Esra CANLU canluesra@gmail.com


3D PRINTER 3-Dimension Printer; bilgisayar üzerinde tasarlanmış 3 boyutlu dataları veya 3 boyutlu olarak taranmış modelleri, birçok farklı malzeme kullanarak elimizle tutabileceğimiz nesnelere dönüştüren cihazdır. Peki 3 boyutlu yazıcılar ile üretim yapabilmek için nelere ihtiyacımız var? Öncellikle yapacağımız nesnenin 3 boyutlu tasarımına ihtiyacımız var. Bunu yapabilmek için AutoCAD, SolidWorks, Google Sketchup, Rhino3D gibi yazılımları kullanmamız gerekir. Bu yazılımlar ile tasarladığımız modelleri STL dosyası haline dönüştürmeliyiz. Bunun ardından 3 boyutlu yazıcıya dosyayı gönderiyoruz. 2 boyutlu yazıcıdan farklı olarak 3 boyutlu yazıcıda derinlik vermek için en alttan en üste kadar materyali katman katman atarak istediğiniz nesneyi oluşturuyor. Eğer teknik konularda yeterli değilseniz ya da yapmakta çok zorlanıyorsanız internet sitelerinden 3D tasarımlar indirebilirsiniz. 3D tasarımınız bittikten sonra sıradan bir plastiğin dayanıklı olan halleri; altın, platinyum, seramik tozu, metal tozu, metal görünümlü-akrilik plastikler ve daha nicesi fotoğrafta gördüğümüz şekle getirilip 2 boyutlu yazıcılardaki kartuş-toner işlemini görüyor. Ne hoş gözüküyorlar, öyle değil mi!
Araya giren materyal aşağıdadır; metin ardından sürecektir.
lemma monomial_extend_mult:
  fixes g h :: "'m::comm_monoid_add \<Rightarrow>\<^sub>0 'a::comm_semiring_1"
  assumes "\<And>m1 m2. m1 \<in> Poly_Mapping.keys g \<Longrightarrow> m2 \<in> Poly_Mapping.keys h \<Longrightarrow> f (m1 + m2) = f1 m1 * f2 m2"
  shows "monomial_extend f (g * h) = monomial_extend f1 g * monomial_extend f2 h"
proof -
  have "g * h = (\<Sum>m1\<in>Poly_Mapping.keys g. \<Sum>m2\<in>Poly_Mapping.keys h.
      Poly_Mapping.single (m1 + m2) (Poly_Mapping.lookup g m1 * Poly_Mapping.lookup h m2))"
  proof -
    have "g * h = (\<Sum>m1\<in>Poly_Mapping.keys g. Poly_Mapping.single m1 (Poly_Mapping.lookup g m1))
        * (\<Sum>m2\<in>Poly_Mapping.keys h. Poly_Mapping.single m2 (Poly_Mapping.lookup h m2))"
      by (simp only: sum_single_lookup)
    then show ?thesis
      by (simp add: sum_product mult_single)
  qed
  then have "monomial_extend f (g * h) = (\<Sum>m1\<in>Poly_Mapping.keys g. \<Sum>m2\<in>Poly_Mapping.keys h.
      (Poly_Mapping.lookup g m1 * f1 m1) * (Poly_Mapping.lookup h m2 * f2 m2))"
    by (simp add: monomial_extend_sum assms mult_ac)
  then show ?thesis
    by (simp add: monomial_extend_def sum_product)
qed

lemma mpoly_eval_eq_monomial_extend:
  "mpoly_eval S = monomial_extend (\<lambda>m. \<Prod>v\<in>Poly_Mapping.keys m. S v ^ Poly_Mapping.lookup m v)"
  by (simp add: fun_eq_iff mpoly_eval_def monomial_extend_def)

lemma lookup_mono_of: "finite W \<Longrightarrow> Poly_Mapping.lookup (mono_of W) v = (if v \<in> W then 1 else 0)"
  by (simp add: mono_of_def lookup_sum lookup_single when_def)

definition entry_monomial :: "('v \<Rightarrow> 'a::comm_semiring_1) \<Rightarrow> 'v set \<Rightarrow> ('v \<Rightarrow>\<^sub>0 nat) \<Rightarrow> 'a" where
  "entry_monomial S W m = (if Poly_Mapping.keys m = W then \<Prod>v\<in>W. S v ^ (Poly_Mapping.lookup m v - 1) else 0)"

lemma mpoly_eval_pcm_entry:
  fixes g :: "('v, 'a::comm_ring_1) mpoly"
  assumes "finite P" "finite Q"
  shows "mpoly_eval S (pcm_entry g P Q) = monomial_extend (entry_monomial S (P \<union> Q)) g"
proof -
  let ?W = "P \<union> Q"
  have full_support: "(Poly_Mapping.keys m \<subseteq> ?W \<and> (\<forall>v\<in>?W. 1 \<le> Poly_Mapping.lookup m v))
      \<longleftrightarrow> Poly_Mapping.keys m = ?W" for m :: "'v \<Rightarrow>\<^sub>0 nat"
    by (auto simp: in_keys_iff Suc_le_eq)
  have divided: "(\<Prod>v\<in>Poly_Mapping.keys (m - mono_of ?W). S v ^ Poly_Mapping.lookup (m - mono_of ?W) v)
      = (\<Prod>v\<in>?W. S v ^ (Poly_Mapping.lookup m v - 1))" if "Poly_Mapping.keys m = ?W" for m
  proof -
    have lookup_m: "Poly_Mapping.lookup (m - mono_of ?W) v = Poly_Mapping.lookup m v - (if v \<in> ?W then 1 else 0)" for v
      using assms by (simp add: lookup_minus lookup_mono_of)
    have "Poly_Mapping.keys (m - mono_of ?W) \<subseteq> ?W"
      using that by (auto simp: in_keys_iff lookup_m)
    then show ?thesis
      by (intro prod.mono_neutral_cong_left) (use assms that in \<open>auto simp: in_keys_iff lookup_m\<close>)
  qed
  have "mpoly_eval S (pcm_entry g P Q) = (\<Sum>m\<in>{m\<in>Poly_Mapping.keys g. Poly_Mapping.keys m = ?W}.
      Poly_Mapping.lookup g m * (\<Prod>v\<in>?W. S v ^ (Poly_Mapping.lookup m v - 1)))"
    unfolding pcm_entry_def full_support mpoly_eval_eq_monomial_extend monomial_extend_sum
    by (intro sum.cong) (simp_all add: divided)
  also have "\<dots> = monomial_extend (entry_monomial S ?W) g"
    unfolding monomial_extend_def entry_monomial_def by (simp add: sum.inter_filter if_distrib cong: if_cong)
  finally show ?thesis .
qed
lemma independent_mod_if_minimal:
  assumes W: "subspace W" and fH: "finite H"
    and spans: "\<forall>p\<in>P. \<exists>s\<in>span H. p - s \<in> W"
    and minimal: "\<And>H'. H' \<subset> H \<Longrightarrow> \<not> (\<forall>p\<in>P. \<exists>s\<in>span H'. p - s \<in> W)"
  shows "\<forall>c. (\<Sum>h\<in>H. c h *s h) \<in> W \<longrightarrow> (\<forall>h\<in>H. c h = 0)"
proof (intro allI impI ballI, rule ccontr)
  fix c h\<^sub>0
  assume w: "(\<Sum>h\<in>H. c h *s h) \<in> W" and h\<^sub>0: "h\<^sub>0 \<in> H" and c_h\<^sub>0: "c h\<^sub>0 \<noteq> 0"
  define H' where "H' = H - {h\<^sub>0}"
  have "\<forall>p\<in>P. \<exists>s'\<in>span H'. p - s' \<in> W"
  proof
    fix p assume "p \<in> P"
    then obtain s where s: "s \<in> span H" "p - s \<in> W" using spans by blast
    obtain u where u: "s = (\<Sum>h\<in>H. u h *s h)" using s(1) span_finite[OF fH] by blast
    define t where "t = u h\<^sub>0 / c h\<^sub>0"
    have "s - t *s (\<Sum>h\<in>H. c h *s h) = (\<Sum>h\<in>H. (u h - t * c h) *s h)"
      unfolding u by (simp add: scale_sum_right sum_subtractf scale_left_diff_distrib)
    also have "\<dots> = (\<Sum>h\<in>H'. (u h - t * c h) *s h)"
      using fH h\<^sub>0 c_h\<^sub>0 by (simp add: H'_def sum.remove t_def)
    also have "\<dots> \<in> span H'" by (intro span_sum span_scale span_base)
    finally have "s - t *s (\<Sum>h\<in>H. c h *s h) \<in> span H'" .
    moreover have "p - (s - t *s (\<Sum>h\<in>H. c h *s h)) \<in> W"
      using subspace_add[OF W s(2) subspace_scale[OF W w]] by (simp add: algebra_simps)
    ultimately show "\<exists>s'\<in>span H'. p - s' \<in> W" by blast
  qed
  moreover have "H' \<subset> H" using h\<^sub>0 by (auto simp: H'_def)
  ultimately show False using minimal[of H'] by blast
qed
(* Let $G=(V,E)$ be an infinite, connected, locally finite, vertex-transitive graph, $o\in V$, $\Gamma\subset\operatorname{Aut}(G)$ a group acting transitively on $V$, and $\mathbb{P}$ a $\Gamma$-invariant and ergodic probability measure on $\mathbb{R}^V$ with $\mathbb{E}|s(o)|<\infty$. If $\mathbb{E}\,s(o)<1$, then $\mathbb{P}\{s\text{ stabilizes}\}=1$.
   Context: $\Delta u(x)=\sum_{y\sim x}(u(y)-u(x))$. $s:V\to\mathbb{R}$ stabilizes if there exists $f:V\to[0,\infty)$ with $s+\Delta f\le1$ pointwise. $\Gamma$-invariance means $T_\alpha s$ has law $\mathbb{P}$ whenever $s$ does, where $(T_\alpha f)(x)=f(\alpha^{-1}x)$, $\alpha\in\Gamma$; ergodicity is with respect to this $\Gamma$-action. *)

theory Defs
  imports "HOL-Probability.Probability"
begin

text \<open>Graphs: vertex set is the universe of type 'v, adjacency a symmetric, irreflexive relation.\<close>

definition simple_graph :: "('v \<Rightarrow> 'v \<Rightarrow> bool) \<Rightarrow> bool" where
  "simple_graph E \<longleftrightarrow> (\<forall>x y. E x y \<longleftrightarrow> E y x) \<and> (\<forall>x. \<not> E x x)"

definition locally_finite :: "('v \<Rightarrow> 'v \<Rightarrow> bool) \<Rightarrow> bool" where
  "locally_finite E \<longleftrightarrow> (\<forall>x. finite {y. E x y})"

definition graph_connected :: "('v \<Rightarrow> 'v \<Rightarrow> bool) \<Rightarrow> bool" where
  "graph_connected E \<longleftrightarrow> (\<forall>x y. (x, y) \<in> {(a, b). E a b}\<^sup>*)"

definition graph_aut :: "('v \<Rightarrow> 'v \<Rightarrow> bool) \<Rightarrow> ('v \<Rightarrow> 'v) \<Rightarrow> bool" where
  "graph_aut E \<alpha> \<longleftrightarrow> bij \<alpha> \<and> (\<forall>x y. E x y \<longleftrightarrow> E (\<alpha> x) (\<alpha> y))"

definition vertex_transitive :: "('v \<Rightarrow> 'v \<Rightarrow> bool) \<Rightarrow> bool" where
  "vertex_transitive E \<longleftrightarrow> (\<forall>x y. \<exists>\<alpha>. graph_aut E \<alpha> \<and> \<alpha> x = y)"

definition transitive_aut_group :: "('v \<Rightarrow> 'v \<Rightarrow> bool) \<Rightarrow> ('v \<Rightarrow> 'v) set \<Rightarrow> bool" where
  "transitive_aut_group E \<Gamma> \<longleftrightarrow>
     (\<forall>\<alpha>\<in>\<Gamma>. graph_aut E \<alpha>) \<and> id \<in> \<Gamma> \<and>
     (\<forall>\<alpha>\<in>\<Gamma>. \<forall>\<beta>\<in>\<Gamma>. \<alpha> \<circ> \<beta> \<in> \<Gamma>) \<and> (\<forall>\<alpha>\<in>\<Gamma>. inv \<alpha> \<in> \<Gamma>) \<and>
     (\<forall>x y. \<exists>\<alpha>\<in>\<Gamma>. \<alpha> x = y)"

definition shift :: "('v \<Rightarrow> 'v) \<Rightarrow> ('v \<Rightarrow> real) \<Rightarrow> ('v \<Rightarrow> real)" where
  "shift \<alpha> f = (\<lambda>x. f (inv \<alpha> x))"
3D yazıcı teknolojisi ile üretilen ürünler günümüzde birçok alanda karşımıza çıkmaktadır. Bunlardan bazıları moda alanında kıyafet, ayakkabı tasarımı, medikal alanında organ modelleri, kuyumculuk alanında yüzükler, kolyeler, küpeler, gıda sektöründe pizza, çikolata ve daha aklımıza gelebilecek çoğu şey artık 3D yazıcılarla tasarlanabiliyor. 3D PRINTER İLE YAPILAN BAZI ÜRÜNLER Osteoid Türk Tasarımcıya Ödül Getirdi! Belki aramızda kolunu kırıp alçı takan arkadaşlarımız vardır. Kim bilir o alçıya kimler imzasını atmış, neler yazılmış, neler çizilmiştir… Türk tasarımcı Deniz Karaşahin kemik kırıklarının tedavisinde alçının yerini alacak 3 boyutlu ürün tasarladı. 3D tarama teknolojisi ile her hastanın kol şekline özgü olarak üretiliyor. Deniz Karaşahin bu tasarımında kırılan kemiklerin kaynama sürecini hızlandırmak için LIPUS(Low-Intensity Pul-

sed Ultrasound Stimulation) teknolojisinden yararlanıyor. Tasarımın üzerindeki boşluklar sayesinde LIPUS cihazına bağlı proplar doğrudan kırık bölgeyle temas halinde oluyor ve kolun hava almasına olanak sağlıyor. Bu ürünü günde 20 dakika kullanmak kemik kaynama süresini %40 azaltıyor. Tasarım olarak herkesin zevkine hitap edebilecek bir ürün! Deniz Karaşahin tarafından hazırlanan 3D yazıcıdan üretilen Osteoid, A’Design Award & Competition yarışmasında birincilik ödülünü aldı.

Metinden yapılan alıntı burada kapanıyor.